University of Oxford scientists have discovered a method to improve a person’s math abilities without affecting other cognitive functions. How? By applying a barely perceptible electric current to the brain.
Published online recently in journal Current Biology, the findings describe using a “non-invasive method” known as transcranial direct current stimulation (TDCS). The scientists pass a mild electric current (barely enough to light a lightbulb) through the skull into the brain’s parietal lobe, where numbers are processed. The effect lasts about six months.
“I am certainly not advising people to go around giving themselves electric shocks,” says Roi Cohen Kadosh, a scientist at the University of Oxford involved in the research. “Electrical stimulation will most likely not turn you into Albert Einstein, but if we’re successful, it might be able to help some people to cope better with maths.”
The research could help treat the nearly 20% of the population with moderate to severe dyscalculia (math disability), and could probably help students in other subjects as well.

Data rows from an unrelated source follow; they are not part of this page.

lemma measure_support_compl_null:
  fixes N :: "'a::second_countable_topology measure"
  assumes N: "sets N = sets borel"
  shows "- measure_support N \<in> null_sets N"
proof -
  obtain B :: "'a set set" where "countable B" and B: "topological_basis B"
    using ex_countable_basis by blast
  have B_sets: "b \<in> sets N" and B_open: "open b" if "b \<in> B" for b
    using topological_basis_open[OF B that] N by auto
  have "- measure_support N = \<Union>{b\<in>B. emeasure N b = 0}"
  proof (intro equalityI subsetI)
    fix x assume "x \<in> - measure_support N"
    then obtain U where U: "open U" "x \<in> U" "emeasure N U = 0"
      unfolding measure_support_def by auto
    obtain W where W: "W \<in> B" "x \<in> W" "W \<subseteq> U"
      using topological_basisE[OF B U(1,2)] by blast
    have "emeasure N W \<le> emeasure N U"
      using W(3) U(1) N by (intro emeasure_mono) auto
    then show "x \<in> \<Union>{b\<in>B. emeasure N b = 0}"
      using U W by auto
  next
    fix x assume "x \<in> \<Union>{b\<in>B. emeasure N b = 0}"
    then obtain W where "W \<in> B" "x \<in> W" "emeasure N W = 0"
      by blast
    then show "x \<in> - measure_support N"
      using B_open unfolding measure_support_def by auto
  qed
  also have "\<dots> \<in> null_sets N"
  proof -
    have "(\<Union>b\<in>{b\<in>B. emeasure N b = 0}. b) \<in> null_sets N"
      using \<open>countable B\<close> B_sets by (intro null_sets_UN') (auto simp: null_sets_def)
    then show ?thesis
      by simp
  qed
  finally show ?thesis .
qed

lemma AE_in_measure_support:
  fixes N :: "'a::second_countable_topology measure"
  shows "sets N = sets borel \<Longrightarrow> AE x in N. x \<in> measure_support N"
  using AE_not_in[OF measure_support_compl_null] by simp

text \<open>A map whose push-forward is a probability measure is measurable: otherwise distr would
  have to assign measure zero to some Borel set and to its complement.\<close>
lemma measurable_of_distr_prob_space:
  fixes g :: "'a \<Rightarrow> 'b::topological_space"
  assumes "prob_space (distr N borel g)"
  shows "g \<in> borel_measurable N"
proof (rule measurableI)
  interpret Q: prob_space "distr N borel g"
    by fact
  fix B :: "'b set" assume B: "B \<in> sets borel"
  have sig: "sigma_sets UNIV (sets borel) = sets (borel :: 'b measure)"
    by (metis sets.sigma_sets_eq space_borel)
  define \<mu> where "\<mu> A = emeasure N (g -` A \<inter> space N)" for A
  have Q: "emeasure (distr N borel g) A =
      (if A \<in> sets borel \<and> measure_space UNIV (sets borel) \<mu> then \<mu> A else 0)" for A
    unfolding distr_def \<mu>_def emeasure_measure_of_conv by (simp add: sig)
  have "emeasure (distr N borel g) UNIV = 1"
    using Q.emeasure_space_1 by simp
  then have Q_eq: "A \<in> sets borel \<Longrightarrow> emeasure (distr N borel g) A = \<mu> A" for A
    using Q by (auto split: if_splits)
  have "emeasure (distr N borel g) B + emeasure (distr N borel g) (- B) =
      emeasure (distr N borel g) (B \<union> - B)"
    using B by (intro plus_emeasure) auto
  then have "emeasure (distr N borel g) B + emeasure (distr N borel g) (- B) = 1"
    using \<open>emeasure (distr N borel g) UNIV = 1\<close> by simp
  then consider "\<mu> B \<noteq> 0" | "\<mu> (- B) \<noteq> 0"
    using B Q_eq by fastforce
  then show "g -` B \<inter> space N \<in> sets N"
  proof cases
    case 1
    then show ?thesis
      unfolding \<mu>_def using emeasure_notin_sets by blast
  next
    case 2
    then have "g -` (- B) \<inter> space N \<in> sets N"
      unfolding \<mu>_def using emeasure_notin_sets by blast
    then have "space N - (g -` (- B) \<inter> space N) \<in> sets N"
      by auto
    also have "space N - (g -` (- B) \<inter> space N) = g -` B \<inter> space N"
      by auto
    finally show ?thesis .
  qed
qed simp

In the research, patients were asked to learn new symbols to represent numbers, then, while they were on TDCS, they were asked to organise the numbers. Participants whose brains were being stimulated demonstrated an improved ability to perform the task. Interestingly, when tested again six months later, they performed just as well.
Oxford scientists say the next trials will involve patients who have lower-than-average math skills. Past research using TDCS has shown that in healthy volunteers the technique can improve a subject’s ability to generate a list of words. Past and ongoing studies have also explored its potential to treat depression, modify pain perception, and improve working memory.